Limited description of the hand tracker
We thank the reviewer for pointing this out! While we did discuss hand trackers in the appendix (A.3), we will add a more explicit description to the main body of the paper.
Why only Quick, Draw! was used as the starting point?
- When drawing in the air without controllers or headsets, quick and convenient everyday sketches are likely to resemble the simplistic sketches found in the Quick, Draw! dataset, rather than the more elaborate sketches in the TUBerlin dataset.
- All prior works on sketch generation, such as [a,b,c], only consider the Quick, Draw! dataset.
- The Quick, Draw! dataset is the biggest sketch dataset, and is the only dataset with timestamp information for each point in the drawing. We needed this information to create the synthetic dataset, where the hand moves at a speed accurate to how the sketch was truly drawn.
Is there a reason for choosing Unity over other engines? Can stable diffusion be used to generate the hand gesture videos for the dataset?
Generating hand gesture videos with Stable Diffusion would be much harder than simply using a graphics engine, especially since it is prone to incorrectly generating hands (even despite recent improvements). Unity is a very mature graphics engine and does the job for us, but we are totally open to suggestions from the reviewer for future work.
IRB and human experiments
Unfortunately, we won't have enough time within the rebuttal period to get that done. Our institution has an extensive IRB protocol.
Is there anything specific in the model that can solve for jitters?
We account for jitters (as a result of the hand tracking and human tremors) by introducing the jitter augmentation during training. The model then learns to clean up jitters when they are encountered in the input.
Any particular component of the pipeline that authors think is helping with robustness?
The part of the pipeline that we think helps the most with the robustness are our suite of augmentations, which helps our model learn what aberrations in the sketches need to be removed. We made sure to carefully develop our augmentations to account for common errors in sketching that are encountered in our use-case, whether it be from human error, the hand tracking, or simply the nature of the task.
** other datasets than Quick, Draw! for generating the synthetic dataset?**
Unfortunately since Quick, Draw! Is the only dataset providing timestamp associated with drawing coordinates, it is the only available dataset for creating synthetic drawing videos.
For ControlNet, the authors use a batch size of 8. Is that enough to maintain statistics with layers like BatchNorm?
ControlNet’s standard training regime has a batch size of 4, so our batch size of 8 is likely not too small.
Have the authors looked at more human-like augmentations to help the model better generalize to unseen objects and become more robust to the existing ones?
We thank the reviewer for the suggestions to include more “human-like” augmentations and bringing up interesting topics in Atoms of Recognition and Extreme Image Transformations[c,d]; we will consider them for improving robustness in our future work.
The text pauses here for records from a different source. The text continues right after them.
lemma nice_error_basis_parseval:
  assumes W: "nice_error_basis (W :: 'g::{finite,ab_group_add} \<Rightarrow> complex^'m^'m)"
  shows "Re (trace (adj X ** X)) = real CARD('m) * (\<Sum>a\<in>UNIV. (cmod (hs_coeff (W a) X))^2)"
proof -
  let ?c = "\<lambda>a. hs_coeff (W a) X"
  have "trace (adj X ** X) = (\<Sum>a\<in>UNIV. ?c a * trace (adj X ** W a))"
    by (subst (2) nice_error_basis_expansion[OF W]) (simp add: matrix_mult_sum_right trace_sum)
  also have "\<dots> = (\<Sum>a\<in>UNIV. real CARD('m) * (?c a * cnj (?c a)))"
    by (simp add: trace_adj_matrix_mult_swap[of X] hs_coeff_def mult_ac)
  also have "\<dots> = of_real (real CARD('m) * (\<Sum>a\<in>UNIV. (cmod (?c a))^2))"
    by (simp add: mult_cnj_eq_cmod_sq sum_distrib_left)
  finally show ?thesis by simp
qed

lemma nice_error_basis_trace_quartic_le:
  fixes W :: "'g::{finite,ab_group_add} \<Rightarrow> complex^'m^'m" and y :: "'g \<Rightarrow> complex"
  assumes W: "nice_error_basis W"
  defines "Y \<equiv> \<Sum>a\<in>UNIV. cscale (y a) (W a)"
  shows "Re (trace ((adj Y ** Y) ** (adj Y ** Y))) \<le> real CARD('m) * additive_energy (\<lambda>a. cmod (y a))"
proof -
  have "adj Y ** Y = (\<Sum>b\<in>UNIV. \<Sum>a\<in>UNIV. cscale (cnj (y a) * y b) (adj (W a) ** W b))"
    unfolding Y_def by (simp add: adj_sum matrix_mult_sum_left matrix_mult_sum_right cscale_sum mult_ac)
  also have "\<dots> = (\<Sum>a\<in>UNIV. \<Sum>b\<in>UNIV. cscale (cnj (y a) * y b) (adj (W a) ** W b))"
    by (rule sum.swap)
  finally have expand: "trace ((adj Y ** Y) ** (adj Y ** Y)) = (\<Sum>a\<in>UNIV. \<Sum>b\<in>UNIV. \<Sum>c\<in>UNIV. \<Sum>e\<in>UNIV.
      (cnj (y a) * y b * (cnj (y c) * y e)) * trace ((adj (W c) ** W e) ** (adj (W a) ** W b)))"
    by (simp only: matrix_mult_sum_left matrix_mult_sum_right cscale_matrix_mult_left
        cscale_matrix_mult_right cscale_sum cscale_cscale trace_sum trace_cscale)
  have "Re (trace ((adj Y ** Y) ** (adj Y ** Y))) \<le> cmod (trace ((adj Y ** Y) ** (adj Y ** Y)))"
    by (rule complex_Re_le_cmod)
  also have "\<dots> \<le> (\<Sum>a\<in>UNIV. \<Sum>b\<in>UNIV. \<Sum>c\<in>UNIV. \<Sum>e\<in>UNIV.
      norm ((cnj (y a) * y b * (cnj (y c) * y e)) * trace ((adj (W c) ** W e) ** (adj (W a) ** W b))))"
    unfolding expand by (rule norm_sum4_le)
  also have "\<dots> = (\<Sum>a\<in>UNIV. \<Sum>b\<in>UNIV. \<Sum>c\<in>UNIV. \<Sum>e\<in>UNIV. real CARD('m) *
      (cmod (y a) * cmod (y b) * cmod (y c) * cmod (y e) * (if a - b + c - e = 0 then 1 else 0)))"
  proof (intro sum.cong refl)
    fix a b c e :: 'g
    have "c - e + a - b = a - b + c - e" by (simp add: algebra_simps)
    then have "cmod (trace ((adj (W c) ** W e) ** (adj (W a) ** W b))) =
        (if a - b + c - e = 0 then real CARD('m) else 0)"
      by (simp only: nice_error_basis_trace_quadruple[OF W])
    then show "norm ((cnj (y a) * y b * (cnj (y c) * y e)) * trace ((adj (W c) ** W e) ** (adj (W a) ** W b))) =
      real CARD('m) * (cmod (y a) * cmod (y b) * cmod (y c) * cmod (y e) * (if a - b + c - e = 0 then 1 else 0))"
      by (simp add: norm_mult)
  qed
  also have "\<dots> = real CARD('m) * additive_energy (\<lambda>a. cmod (y a))"
    by (simp add: additive_energy_def sum_distrib_left)
  finally show ?thesis .
qed
lemma det_corona_mat:
  assumes M: "M \<in> carrier_mat N N" and A: "A \<in> carrier_mat n n"
    and row: "A * ones_mat n 1 = lam \<cdot>\<^sub>m ones_mat n 1" and x: "x \<noteq> lam"
  shows "det (x \<cdot>\<^sub>m 1\<^sub>m (N + n * N) - corona_mat M A b) =
    det ((x - real n * b\<^sup>2 / (x - lam)) \<cdot>\<^sub>m 1\<^sub>m N - M) * det (kron (x \<cdot>\<^sub>m 1\<^sub>m n - A) (1\<^sub>m N))"
proof -
  define K1 where "K1 = kron (ones_mat 1 n) (1\<^sub>m N)"
  define K2 where "K2 = kron (ones_mat n 1) (1\<^sub>m N)"
  define D where "D = kron (x \<cdot>\<^sub>m 1\<^sub>m n - A) (1\<^sub>m N)"
  \<comment> \<open>chosen so that \<open>D * Y = b \<cdot> K2\<close> cancels the lower left block\<close>
  define Y where "Y = (b / (x - lam)) \<cdot>\<^sub>m K2"
  have K1: "K1 \<in> carrier_mat N (n * N)" and K2: "K2 \<in> carrier_mat (n * N) N"
    unfolding K1_def K2_def
    using kron_carrier_mat[OF ones_mat_carrier one_carrier_mat, of _ _ N] by fastforce+
  have xA: "x \<cdot>\<^sub>m 1\<^sub>m n - A \<in> carrier_mat n n"
    using A by (rule minus_carrier_mat)
  have D: "D \<in> carrier_mat (n * N) (n * N)"
    unfolding D_def by (rule kron_carrier_mat[OF xA one_carrier_mat])
  have "D = x \<cdot>\<^sub>m 1\<^sub>m (n * N) - kron A (1\<^sub>m N)"
    unfolding D_def using A kron_one_mat_minus[of "x \<cdot>\<^sub>m 1\<^sub>m n" n n A N]
    by (simp add: kron_one_mat_smult kron_one_mat_one)
  then have block: "x \<cdot>\<^sub>m 1\<^sub>m (N + n * N) - corona_mat M A b
      = four_block_mat (x \<cdot>\<^sub>m 1\<^sub>m N - M) ((-b) \<cdot>\<^sub>m K1) ((-b) \<cdot>\<^sub>m K2) D"
    using M A K1 K2 kron_carrier_mat[OF A one_carrier_mat, of N]
    unfolding corona_mat_def K1_def K2_def by (intro eq_matI) auto
  have K1K2: "K1 * K2 = real n \<cdot>\<^sub>m 1\<^sub>m N"
    unfolding K1_def K2_def kron_one_mat_mult[OF ones_mat_carrier ones_mat_carrier]
      ones_mat_mult_ones_mat kron_one_mat_smult kron_one_mat_one by simp
  have "(x \<cdot>\<^sub>m 1\<^sub>m n - A) * ones_mat n 1 = x \<cdot>\<^sub>m ones_mat n 1 - lam \<cdot>\<^sub>m ones_mat n 1"
    unfolding minus_mult_distrib_mat[OF smult_carrier_mat[OF one_carrier_mat] A ones_mat_carrier]
      mult_smult_assoc_mat[OF one_carrier_mat ones_mat_carrier] row by simp
  also have "\<dots> = (x - lam) \<cdot>\<^sub>m ones_mat n 1"
    by (intro eq_matI) (auto simp: ones_mat_def)
  finally have DK2: "D * K2 = (x - lam) \<cdot>\<^sub>m K2"
    unfolding D_def K2_def kron_one_mat_mult[OF xA ones_mat_carrier] by (simp add: kron_one_mat_smult)
  have "(-b) \<cdot>\<^sub>m K2 + D * Y = 0\<^sub>m (n * N) N"
    unfolding Y_def mult_smult_distrib[OF D K2] DK2 using K2 x by (intro eq_matI) auto
  moreover have "(-b) \<cdot>\<^sub>m K1 * Y = (- (real n * b\<^sup>2 / (x - lam))) \<cdot>\<^sub>m 1\<^sub>m N"
    unfolding Y_def mult_smult_assoc_mat[OF K1 smult_carrier_mat[OF K2]] mult_smult_distrib[OF K1 K2] K1K2
    by (intro eq_matI) (auto simp: power2_eq_square)
  then have "x \<cdot>\<^sub>m 1\<^sub>m N - M + (-b) \<cdot>\<^sub>m K1 * Y = (x - real n * b\<^sup>2 / (x - lam)) \<cdot>\<^sub>m 1\<^sub>m N - M"
    using M by (intro eq_matI) auto
  ultimately show ?thesis
    unfolding block D_def[symmetric]
    using M K1 K2 D by (subst det_four_block_mat_eliminate[of _ N _ "n * N" _ _ Y]) (auto simp: Y_def)
qed

lemma poly_char_poly_eq_det:
  fixes A :: "'a::field mat"
  assumes "A \<in> carrier_mat n n"
  shows "poly (char_poly A) x = det (x \<cdot>\<^sub>m 1\<^sub>m n - A)"
proof -
  have "- char_matrix A x = x \<cdot>\<^sub>m 1\<^sub>m n - A"
    using assms unfolding char_matrix_def by (intro eq_matI) auto
  then show ?thesis
    using char_poly_matrix[OF assms] by simp
qed

lemma poly_prod_mset_linear: "poly (\<Prod>a\<in>#S. [:- a, 1:]) (x :: 'a::comm_ring_1) = (\<Prod>a\<in>#S. x - a)"
  by (induction S) (simp_all add: algebra_simps)

lemma prod_mset_repeat_mset: "(\<Prod>a\<in>#repeat_mset N L. f a) = (\<Prod>a\<in>#L. f a) ^ N"
  by (induction N) auto

lemma degree_prod_mset_linear: "degree (\<Prod>a\<in>#S. [:- a, 1 :: 'a::idom:]) = size S"
proof (induction S)
  case (add x S)
  have "degree ([:- x, 1:] * (\<Prod>a\<in>#S. [:- a, 1:])) = degree [:- x, 1:] + degree (\<Prod>a\<in>#S. [:- a, 1:])"
    by (rule degree_mult_eq) (auto simp: prod_mset_zero_iff)
  then show ?case
    using add.IH by simp
qed simp

lemma poly_eqI_off_point:
  fixes p q :: "'a::{idom, ring_char_0} poly"
  assumes "\<And>x. x \<noteq> a \<Longrightarrow> poly p x = poly q x"
  shows "p = q"
proof (rule ccontr)
  assume "p \<noteq> q"
  then have "finite {x. poly (p - q) x = 0}"
    by (intro poly_roots_finite) simp
  moreover have "UNIV - {a} \<subseteq> {x. poly (p - q) x = 0}"
    using assms by auto
  ultimately show False
    using infinite_UNIV_char_0 finite_subset by (metis finite_insert insert_Diff_single insert_UNIV)
qed

lemma quadratic_factorization_sqrt:
  fixes x mu lam c :: real
  assumes "c \<ge> 0"
  shows "(x - mu) * (x - lam) - c =
    (x - (mu + lam + sqrt ((mu - lam)\<^sup>2 + 4 * c)) / 2) * (x - (mu + lam - sqrt ((mu - lam)\<^sup>2 + 4 * c)) / 2)"
proof -
  have "(sqrt ((mu - lam)\<^sup>2 + 4 * c))\<^sup>2 = (mu - lam)\<^sup>2 + 4 * c"
    using assms by simp
  then show ?thesis
    by (simp add: field_simps power2_eq_square)
qed

lemma char_poly_corona_mat:
  fixes M A :: "real mat" and S L :: "real multiset" and b :: real
  assumes M: "M \<in> carrier_mat N N" and A: "A \<in> carrier_mat n n"
    and row: "A * ones_mat n 1 = lam \<cdot>\<^sub>m ones_mat n 1"
    and spec_M: "char_poly M = (\<Prod>a\<in>#S. [:- a, 1:])"
    and spec_A: "char_poly A = (\<Prod>a\<in>#add_mset lam L. [:- a, 1:])"
  defines "fp \<equiv> \<lambda>y. (y + lam + sqrt ((y - lam)\<^sup>2 + 4 * real n * b\<^sup>2)) / 2"
    and "fm \<equiv> \<lambda>y. (y + lam - sqrt ((y - lam)\<^sup>2 + 4 * real n * b\<^sup>2)) / 2"
  shows "char_poly (corona_mat M A b) =
    (\<Prod>a\<in>#image_mset fp S + image_mset fm S + repeat_mset N L. [:- a, 1:])"
proof (rule poly_eqI_off_point[of lam])
  fix x assume x: "x \<noteq> lam"
  define y where "y = x - real n * b\<^sup>2 / (x - lam)"
  have size_S: "size S = N"
    using degree_monic_char_poly[OF M] spec_M degree_prod_mset_linear[of S] by simp
  obtain es where split_A: "char_poly A = (\<Prod>a\<leftarrow>es. [:- a, 1:])"
    using ex_mset[of "add_mset lam L"] spec_A by (metis mset_map prod_mset_prod_list)
  have factor: "(y - a) * (x - lam) = (x - fp a) * (x - fm a)" for a
  proof -
    have "(y - a) * (x - lam) = (x - a) * (x - lam) - real n * b\<^sup>2"
      using x by (simp add: y_def field_simps)
    then show ?thesis
      unfolding fp_def fm_def by (simp add: quadratic_factorization_sqrt add.commute mult.assoc)
  qed
  have "poly (char_poly (corona_mat M A b)) x = det (x \<cdot>\<^sub>m 1\<^sub>m (N + n * N) - corona_mat M A b)"
    by (rule poly_char_poly_eq_det[OF corona_mat_carrier[OF M A]])
  also have "\<dots> = det (y \<cdot>\<^sub>m 1\<^sub>m N - M) * det (kron (x \<cdot>\<^sub>m 1\<^sub>m n - A) (1\<^sub>m N))"
    unfolding y_def by (rule det_corona_mat[OF M A row x])
  also have "\<dots> = poly (char_poly M) y * poly (char_poly A) x ^ N"
    by (simp add: det_kron_one_mat_shift[OF A split_A] poly_char_poly_eq_det[OF M] poly_char_poly_eq_det[OF A])
  \<comment> \<open>one factor \<open>x - lam\<close> per eigenvalue of \<open>M\<close>, as \<open>size S = N\<close>\<close>
  also have "\<dots> = (\<Prod>a\<in>#S. (y - a) * (x - lam)) * (\<Prod>a\<in>#L. x - a) ^ N"
    unfolding spec_M spec_A poly_prod_mset_linear
    by (simp add: prod_mset.distrib power_mult_distrib size_S)
  also have "\<dots> = (\<Prod>a\<in>#S. (x - fp a) * (x - fm a)) * (\<Prod>a\<in>#L. x - a) ^ N"
    by (simp add: factor)
  also have "\<dots> = poly (\<Prod>a\<in>#image_mset fp S + image_mset fm S + repeat_mset N L. [:- a, 1:]) x"
    unfolding poly_prod_mset_linear
    by (simp only: image_mset_union prod_mset.union prod_mset.distrib multiset.map_comp comp_def
        prod_mset_repeat_mset)
  finally show "poly (char_poly (corona_mat M A b)) x = \<dots>" .
qed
Meanwhile, the way we conduct our augmentations are designed to simulate a comprehensive range of “human-like” errors found in the noisy sketches produced by our air drawing.
Statistical significance
While it is too computationally intensive to conduct training multiple times, we re-conduct our main result in Table [1] from the paper by performing inference 10 times on each sample with different seedings, and report the mean&std shown in the table below.
| w/ Aug. | SSIM (↑) | CD (↓) | LPIPS (↓) | CLIP I2I (↑) | CLIP I2T (↑) |
|---|---|---|---|---|---|
| Seen Categories | |||||
| ✘ | 0.55±0.03 | 31.92±0.12 | 0.41±4.0 | 0.77±0.78 | 0.21±0.41 |
| ✓ | 0.64±0.14 | 25.13±0.22 | 0.36±1.0 | 0.84±1.2 | 0.29±0.93 |
| Unseen Categories | |||||
| ✘ | 0.55±0.08 | 33.53±0.31 | 0.41±3.8 | 0.78±0.84 | 0.21±0.51 |
| ✓ | 0.63±0.45 | 24.26±0.71 | 0.38±1.9 | 0.85±2.8 | 0.28±1.7 |
We also conducted a Paired T-test for significance. However as the means have a clear margin and std is low, the p-values are all low in the scale of 1e-14. Since this is not a rigorous test, we are not including the results here.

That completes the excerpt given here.